We explored how the robustness R depends on the depth of the potential r1. As shown in Fig 6, when r1 increases, the storage capacity of the network in the absence of noise decreases. However, the robustness R becomes larger, indicating a trade-off between storage capacity and robustness as potential wells become deeper. From a biological perspective, each minimum of the potential can correspond to a cluster of receptors [15]. The parameter r1 may be related to the rate at which these clusters form. The timescale τ = 1/2r1 provides synapses with the analog depth to retain the history information of neuronal activity. Our results indicate that the balance between the memory storage capacity and the robustness of stored information would lead to an optimal r1.

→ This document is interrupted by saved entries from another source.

(* Let $X$ be a Banach space, $\Omega\in L(X)$ an isomorphism of $X$ onto itself, $\tau>0$ and $f\in C^{0}([0,\infty),X)$. Then the unique classical solution of $$\ddot x(t)-\Omega^{2}x(t-2\tau)=f(t)\ (t\ge0),\qquad x(t)=0\ (t\in[-2\tau,0])$$ is given by $x(t)=\int_{0}^{t}x_2(t-s;\Omega)f(s)\,ds$ for $t\ge0$ (and $x(t)=0$ for $t\in[-2\tau,0]$).
   Context: For $A\in L(X)$, $\exp_\tau(t;A)=0$ for $t<-\tau$, $=\mathrm{id}_X$ for $-\tau\le t<0$, and $=\sum_{j=0}^{k}A^{j}\frac{(t-(j-1)\tau)^{j}}{j!}$ for $(k-1)\tau\le t<k\tau$, $k\in\mathbb N$. For $t\in\mathbb R$, $x_2(t;\Omega):=\tfrac12\Omega^{-1}(\exp_\tau(t;\Omega)-\exp_\tau(t;-\Omega))$; in particular $x_2(t;\Omega)=0$ for $t<0$. A classical solution is a function $x\in C^{1}([-2\tau,\infty),X)\cap C^{2}([-2\tau,0],X)\cap C^{2}([0,\infty),X)$ (one-sided derivatives at endpoints) satisfying the equations pointwise. *)

theory Defs
  imports "HOL-Analysis.Analysis"
begin

definition Lpow :: "('a::real_normed_vector \<Rightarrow>\<^sub>L 'a) \<Rightarrow> nat \<Rightarrow> ('a \<Rightarrow>\<^sub>L 'a)" where
  "Lpow A j = ((\<lambda>B. A o\<^sub>L B) ^^ j) id_blinfun"

definition L_iso :: "('a::real_normed_vector \<Rightarrow>\<^sub>L 'a) \<Rightarrow> bool" where
  "L_iso A \<longleftrightarrow> (\<exists>B. B o\<^sub>L A = id_blinfun \<and> A o\<^sub>L B = id_blinfun)"

definition L_inv :: "('a::real_normed_vector \<Rightarrow>\<^sub>L 'a) \<Rightarrow> ('a \<Rightarrow>\<^sub>L 'a)" where
  "L_inv A = (SOME B. B o\<^sub>L A = id_blinfun \<and> A o\<^sub>L B = id_blinfun)"

text \<open>Delayed exponential exp_tau(t;A).  For (k-1)tau \<le> t < k tau with k \<in> \<nat>,
  k = floor(t/tau) + 1.\<close>
definition delayed_exp :: "real \<Rightarrow> real \<Rightarrow> ('a::real_normed_vector \<Rightarrow>\<^sub>L 'a) \<Rightarrow> ('a \<Rightarrow>\<^sub>L 'a)" where
  "delayed_exp \<tau> t A =
     (if t < - \<tau> then 0
      else if t < 0 then id_blinfun
      else (\<Sum>j\<in>{0..nat (\<lfloor>t / \<tau>\<rfloor> + 1)}.
              ((t - (real j - 1) * \<tau>) ^ j / fact j) *\<^sub>R Lpow A j))"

3.4 Learning dynamics in the sparse coding limit

We next turn to a more biologically realistic scenario in which neurons are described by 0,1 variables, and the probability that a neuron is active in a given pattern, f, is f ≪ 0.5. We study the storage capacity of the network with double well synapses with the learning rules described in Eqs (6) and (7) in the sparse coding limit f ∼ ln N/N [41]. In this limit, it was shown that networks with binary synapses and online learning have a storage capacity that is comparable to the optimal capacity, unlike with other scalings of f with N where the capacity is sub-optimal [20, 4143]. We first focus on the noiseless case (r3 = 0). For each value of r1, we optimize the storage capacity by adjusting the neuronal threshold θ and the potential width C. The relationship between the storage capacity p and the network size N is shown in Fig 7 for different choices of the learning rule and different potential depths r1.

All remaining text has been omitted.